Share on FacebookShare on Google+Tweet about this on TwitterShare on LinkedInEmail this to someone

Can you remain silent upon receiving a Section 181 notice? Wynne Mok, Partner, and Jonathan Kao, Associate, Slaughter and May, highlight the implications of the recent judicial review application – AA & Anor v The Securities and Futures Commission.

Cooperation amongst regulators around the world has become increasingly important to effectively deal with cross-border crime and misconduct. The Securities and Futures Commission (the SFC) has entered into cooperation arrangements with various foreign counterparts whereby investigative assistance can be rendered to one another and intelligence can be exchanged.

Section 186 of the Securities and Futures Ordinance (Cap 571) (the SFO) provides the SFC with the legislative gateway to assist an overseas regulator which performs a similar function in the latter’s investigation by exercising its investigative powers under Part VIII of the SFO. Provided that the conditions for providing investigative assistance are met, and subject to certain safeguards, the SFC may disclose materials which it has compelled a person to provide in Hong Kong to an overseas regulator.

One of the safeguards is that, if a person is required to give an explanation by the SFC and if he claims privilege against self-incrimination before giving the explanation, the requirement for the explanation and the explanation itself cannot be disclosed to the foreign regulator for use in criminal proceedings against that person in the foreign jurisdiction.
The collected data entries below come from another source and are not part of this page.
lemma file_recoverable:
  assumes e: "e \<in> E" and w: "w \<in> set_pmf (pir_space_given e)" and w': "w' \<in> set_pmf (pir_space_given e)"
    and "snd (fst w) = snd (fst w')" and "\<And>T. T \<in> V \<Longrightarrow> answer E ans T w = answer E ans T w'"
  shows "snd w e = snd w' e"
proof -
  have "determines (pir_space P E L) (\<lambda>om. (\<lambda>T. if T \<in> V then Some (snd (fst om) T) else None,
      \<lambda>T. if T \<in> V then Some (answer E ans T om) else None)) (\<lambda>om. snd om (fst (fst om)))"
    using scheme finite_set_pmf_pir_space by (intro determines_if_cond_ent_eq_0) (simp_all add: pir_scheme_def)
  moreover have "w \<in> set_pmf (pir_space P E L)" "w' \<in> set_pmf (pir_space P E L)"
    "fst (fst w) = e" "fst (fst w') = e"
    using w w' by (simp_all add: set_pmf_pir_space_given[OF e])
  moreover have "(\<lambda>T. if T \<in> V then Some (query T w) else None, \<lambda>T. if T \<in> V then Some (answer E ans T w) else None)
      = (\<lambda>T. if T \<in> V then Some (query T w') else None, \<lambda>T. if T \<in> V then Some (answer E ans T w') else None)"
    using assms(4,5) by (simp add: fun_eq_iff)
  ultimately show ?thesis
    by (metis (no_types, lifting) determinesD)
qed

end

locale pir_server = pir V E L P ans
  for V :: "'s set" and E L P and ans :: "'s \<Rightarrow> 'q \<Rightarrow> ('s set \<Rightarrow> bool list) \<Rightarrow> 'a" +
  fixes S :: 's and nb :: "nat \<Rightarrow> 's"
  assumes S_in_V: "S \<in> V"
    and nb_bij: "bij_betw nb {1..card (nbrs E S)} (nbrs E S)"
begin

abbreviation deg :: nat where
  "deg \<equiv> card (nbrs E S)"

definition nb_edge :: "nat \<Rightarrow> 's set" where
  "nb_edge k = {S, nb k}"

definition masked :: "nat \<Rightarrow> ('s set \<Rightarrow> bool list) \<Rightarrow> ('s set \<Rightarrow> bool list)" where
  "masked i F = (\<lambda>e. if e \<in> nb_edge ` {i..deg} then [] else F e)"

definition residual :: "nat \<Rightarrow> real" where
  "residual i = cond_ent (pir_space P E L) (answer E ans S) (\<lambda>w. (query S w, masked i (snd w)))"

lemma nb_edge_in_E: "k \<in> {1..deg} \<Longrightarrow> nb_edge k \<in> E"
  using bij_betw_apply[OF nb_bij] by (simp add: nb_edge_def nbrs_def)

lemma nb_edge_subset_card:
  assumes "k \<in> {1..deg}"
  shows "nb_edge k \<subseteq> V" "card (nb_edge k) = 2"
  using nb_edge_in_E[OF assms] scheme by (simp_all add: pir_scheme_def simple_graph_def)

lemma nb_in_V: "k \<in> {1..deg} \<Longrightarrow> nb k \<in> V"
  using nb_edge_subset_card(1) by (simp add: nb_edge_def)

lemma nb_neq_S: "k \<in> {1..deg} \<Longrightarrow> nb k \<noteq> S"
  using nb_edge_subset_card(2)[of k] by (auto simp: nb_edge_def)

lemma nb_edge_notin_later: "i \<in> {1..deg} \<Longrightarrow> nb_edge i \<notin> nb_edge ` {Suc i..deg}"
proof
  assume i: "i \<in> {1..deg}" and "nb_edge i \<in> nb_edge ` {Suc i..deg}"
  then obtain k where k: "k \<in> {Suc i..deg}" "{S, nb i} = {S, nb k}"
    by (auto simp: nb_edge_def)
  then have "nb i = nb k"
    using nb_neq_S[OF i] by (auto simp: doubleton_eq_iff)
  moreover have "k \<in> {1..deg}"
    using i k(1) by simp
  ultimately show False
    using i k(1) bij_betw_imp_inj_on[OF nb_bij] by (auto dest: inj_onD)
qed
The SFC’s exercise of its investigative powers to assist its Japanese counterparts, together with the constitutionality of Section 181, has recently been subject to judicial challenge. Section 181 empowers the SFC to demand licensed persons to provide routine trading information. However, uncertainty arose as to whether Section 181 overrides privilege against self-incrimination, which is an integral part of the right to a fair trial protected by Article 10 of the Bills of Rights (BOR10) and extends to answers compulsorily obtained before criminal proceedings are instigated.

Background to the judicial review

The first applicant of the judicial review application is an investment manager of a hedge fund (the Fund) licensed by the SFC and the second applicant is one of its Responsible Officers. In early 2014, the SFC received a report from a licensed corporation regarding suspected market manipulative activities by the Fund in relation to the shares in Nitto Denko Corporation (Nitto Denko) listed on the Tokyo Stock Exchange. It then issued a notice under SFO Section 181 (the Notice) asking the first applicant to provide information about the Fund, including the identity of its clients and particulars of all trades in Nitto Denko shares or warrants executed by the first applicant or on behalf of the Fund at the material times. The SFC subsequently commenced a formal investigation against the applicants.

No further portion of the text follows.